A for what Hans suggested I hadn't gotten as far and didn't mention ...
definition and solutions of a system of first order equations. 31.1. the pair of equations:
dy1/dt = f1(y1,y2,...,yn,t) = f1(t)x+g1(t)y+h1(t)
dy2/dt = f2(y1,y2,...,yn,t) = f2(t)x+g2(t)y+h2(t)
...
where f1 and f2 are functions of x,y,t fefined on a common set S, is called a system of two first order equations, the sol'n will be two functions on common interval I contained in S satisfying both.
means you can solve
dx/dt=t/x^2 , dy/dt=y/t^2
does not mean you are encouraged to write (for the sake of a book chapter)
dy/dx=y+2y
d^2y/dx^2=2y+2Y
because that is
dy1/dt = f1(y1,t) = f1(t)y1+h1(t)
dy1/dt = f2(y1,t) = f2(t)y1+h2(t)
while the following may be an identity in x, it may be (is in most cases) inconsistent
x' = f1(x)
x' = f2(x)
also a note that in "beginner's ODE" it is spelled out that fn(t) has no exponent restriction and must be the independent variable t
that being said i see why Hans decided y' and y'' are likely not the same.

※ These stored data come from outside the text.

(* Let $0\le b\le1$ and $0\le\alpha<1$, and let $r_0=r_0(\alpha)$ be the real root in $(0,1)$ of the equation \[2\big(1-\alpha+2(2-\alpha)(1-b)r\big)(1-r)^4=1-\alpha+4r+(1+\alpha)r^2.\] Let $\mathcal{F}$ be the class of functions $f\in\mathcal{A}_b$, $f(z)=z+\sum_{n\ge2}a_nz^n$, with $|a_n|\le n$ for all $n\ge3$. Then: (i) every $f\in\mathcal{F}$ satisfies $\left|\frac{zf''(z)}{f'(z)}\right|\le1-\alpha$ for $|z|\le r_0$; (ii) $r_0(\alpha)$ is the radius of convexity of order $\alpha$ of $\mathcal{F}$; (iii) $r_0(1/2)$ is the radius of uniform convexity of $\mathcal{F}$. All results are sharp: the function $f_0(z)=2z+2(1-b)z^2-\frac{z}{(1-z)^2}=z-2bz^2-\sum_{n\ge3}nz^n$ belongs to $\mathcal{F}$ and satisfies $\left|\frac{zf_0''(z)}{f_0'(z)}\right|=1-\alpha$ and $\operatorname{Re}\frac{zf_0''(z)}{f_0'(z)}=\alpha-1$ at $z=r_0$.
   Context: $\mathbb{D}=\{z\in\mathbb{C}:|z|<1\}$. For $0\le b\le1$, $\mathcal{A}_b$ is the class of analytic functions $f$ on $\mathbb{D}$ of the form $f(z)=z+a_2z^2+a_3z^3+\cdots$ with $|a_2|=2b$. For a class $\mathcal{F}$ of analytic functions on $\mathbb{D}$ normalized by $f(0)=0$, $f'(0)=1$, and $0\le\alpha<1$, the radius of convexity of order $\alpha$ of $\mathcal{F}$ is the supremum of $r\in(0,1]$ such that every $f\in\mathcal{F}$ satisfies $f'(z)\ne0$ and $\operatorname{Re}\big(1+zf''(z)/f'(z)\big)>\alpha$ for $|z|<r$. The radius of uniform convexity of $\mathcal{F}$ is the supremum of $r\in(0,1]$ such that every $f\in\mathcal{F}$ satisfies $f'(z)\ne0$ and $\operatorname{Re}\big(1+zf''(z)/f'(z)\big)>\left|zf''(z)/f'(z)\right|$ for $|z|<r$. *)

theory Defs
  imports "HOL-Analysis.Analysis"
begin

definition taylor_coeff :: "(complex \<Rightarrow> complex) \<Rightarrow> nat \<Rightarrow> complex" where
  "taylor_coeff f n = (deriv ^^ n) f 0 / of_nat (fact n)"

definition class_A :: "real \<Rightarrow> (complex \<Rightarrow> complex) set" where
  "class_A b = {f. f holomorphic_on ball 0 1 \<and> f 0 = 0 \<and> deriv f 0 = 1 \<and>
                   cmod (taylor_coeff f 2) = 2 * b}"

definition class_F :: "real \<Rightarrow> (complex \<Rightarrow> complex) set" where
  "class_F b = {f \<in> class_A b. \<forall>n\<ge>3. cmod (taylor_coeff f n) \<le> real n}"

definition radius_convexity_order ::
  "real \<Rightarrow> (complex \<Rightarrow> complex) set \<Rightarrow> real" where
  "radius_convexity_order \<alpha> F = Sup {r \<in> {0<..1}. \<forall>f\<in>F. \<forall>z. cmod z < r \<longrightarrow>
      deriv f z \<noteq> 0 \<and> Re (1 + z * deriv (deriv f) z / deriv f z) > \<alpha>}"

definition radius_uniform_convexity ::
  "(complex \<Rightarrow> complex) set \<Rightarrow> real" where
  "radius_uniform_convexity F = Sup {r \<in> {0<..1}. \<forall>f\<in>F. \<forall>z. cmod z < r \<longrightarrow>
      deriv f z \<noteq> 0 \<and>
      Re (1 + z * deriv (deriv f) z / deriv f z) > cmod (z * deriv (deriv f) z / deriv f z)}"

definition root_eq :: "real \<Rightarrow> real \<Rightarrow> real \<Rightarrow> bool" where
  "root_eq b \<alpha> r \<longleftrightarrow>
     2 * (1 - \<alpha> + 2 * (2 - \<alpha>) * (1 - b) * r) * (1 - r) ^ 4 = 1 - \<alpha> + 4 * r + (1 + \<alpha>) * r ^ 2"

definition f0 :: "real \<Rightarrow> complex \<Rightarrow> complex" where
  "f0 b z = 2 * z + 2 * of_real (1 - b) * z ^ 2 - z / (1 - z) ^ 2"

end

theory Submission
  imports Defs "HOL-Complex_Analysis.Cauchy_Integral_Formula"
begin

(* The bounds |a_2| = 2b and |a_n| <= n say that every f in F is coefficientwise dominated by
   h(z) = z + 2b z^2 + sum_{n>=3} n z^n = z/(1-z)^2 - 2(1-b) z^2, and f0 = 2z - h.
   Comparing the series of f' and f'' termwise gives, for |z| <= r < 1,
   |f'(z)| >= 2 - h'(r) = f0'(r) and |f''(z)| <= h''(r) = -f0''(r),
   hence |z f''(z)/f'(z)| <= (|z|/r) * r h''(r) / (2 - h'(r)), with equality for f0 at z = r.
   Clearing the denominator (1-r)^4, the root equation is exactly r h''(r) = (1-alpha)(2 - h'(r)).
   So the ratio stays below 1 - alpha on |z| <= r0, strictly inside, which gives the convexity
   of order alpha (and, for alpha = 1/2, uniform convexity because Re(1+w) > |w| once |w| < 1/2),
   while f0 attains z f0''/f0' = alpha - 1 at r0 and so shows that no larger radius works. *)

lemma sums_of_nat_mult_power:
  fixes z :: "'a::{real_normed_field,banach}"
  assumes "norm z < 1"
  shows "(\<lambda>n. of_nat n * z ^ n) sums (z / (1 - z)\<^sup>2)"
proof -
  have "(\<lambda>n. z * w ^ n) sums (z / (1 - w))" if "norm w < 1" for w :: 'a
    using sums_mult[OF geometric_sums[OF that], of z] by (simp add: divide_inverse)
  moreover have "((\<lambda>w. z / (1 - w)) has_field_derivative (z / (1 - z)\<^sup>2)) (at z)"
    using assms by (auto intro!: derivative_eq_intros simp: power2_eq_square)
  ultimately have "(\<lambda>n. diffs (\<lambda>_. z) n * z ^ n) sums (z / (1 - z)\<^sup>2)"
    using assms by (intro termdiffs_sums_strong)
  then have "(\<lambda>n. of_nat (Suc n) * z ^ Suc n) sums (z / (1 - z)\<^sup>2)"
    by (simp add: diffs_def mult.assoc mult.left_commute)
  then show ?thesis
    by (subst (asm) sums_Suc_iff) simp
qed

lemma taylor_coeff_eqI:
  assumes "0 < R" and "\<And>z. norm z < R \<Longrightarrow> (\<lambda>n. c n * z ^ n) sums f z"
  shows "taylor_coeff f n = c n"
proof -
  have "(\<lambda>n. c n * of_real (R / 2) ^ n) sums f (of_real (R / 2))"
    using assms by (intro assms(2)) auto
  then have "norm (of_real (R / 2) :: complex) \<le> conv_radius c"
    by (intro conv_radius_geI sums_summable)
  then have "fps_conv_radius (Abs_fps c) > 0"
    using assms(1) by (auto simp: fps_conv_radius_def elim!: less_le_trans[rotated])
  moreover have "eventually (\<lambda>z. z \<in> ball 0 R) (nhds (0::complex))"
    using assms(1) by (intro eventually_nhds_in_open) auto
  then have "eventually (\<lambda>z. eval_fps (Abs_fps c) z = f z) (nhds 0)"
    by eventually_elim (auto simp: eval_fps_def intro!: sums_unique[symmetric] assms(2))
  ultimately have "f has_fps_expansion Abs_fps c"
    by (auto simp: has_fps_expansion_def)
  from fps_nth_fps_expansion[OF this, of n] show ?thesis
    by (simp add: taylor_coeff_def)
qed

i question Hans a little as since you said it's not a copied equation but your own (observation): maybe Mathematica's answer is the answer you seek. but i have not bench checked it.
you said your studying celestial mechanics, perhaps diff equation course is prerequisite (if it is not then you shouldn't need the answer the question), perhaps you did take the course a while back and need help remembering?
it's a fairly complex topic so unless the answer is a single function (often not), describing the answer would be difficult unless you had taken the course. solution, unless otherwise stated, means a complete and exact function but the answer may be implicit or have hidden answers and know these is the beginning of the course.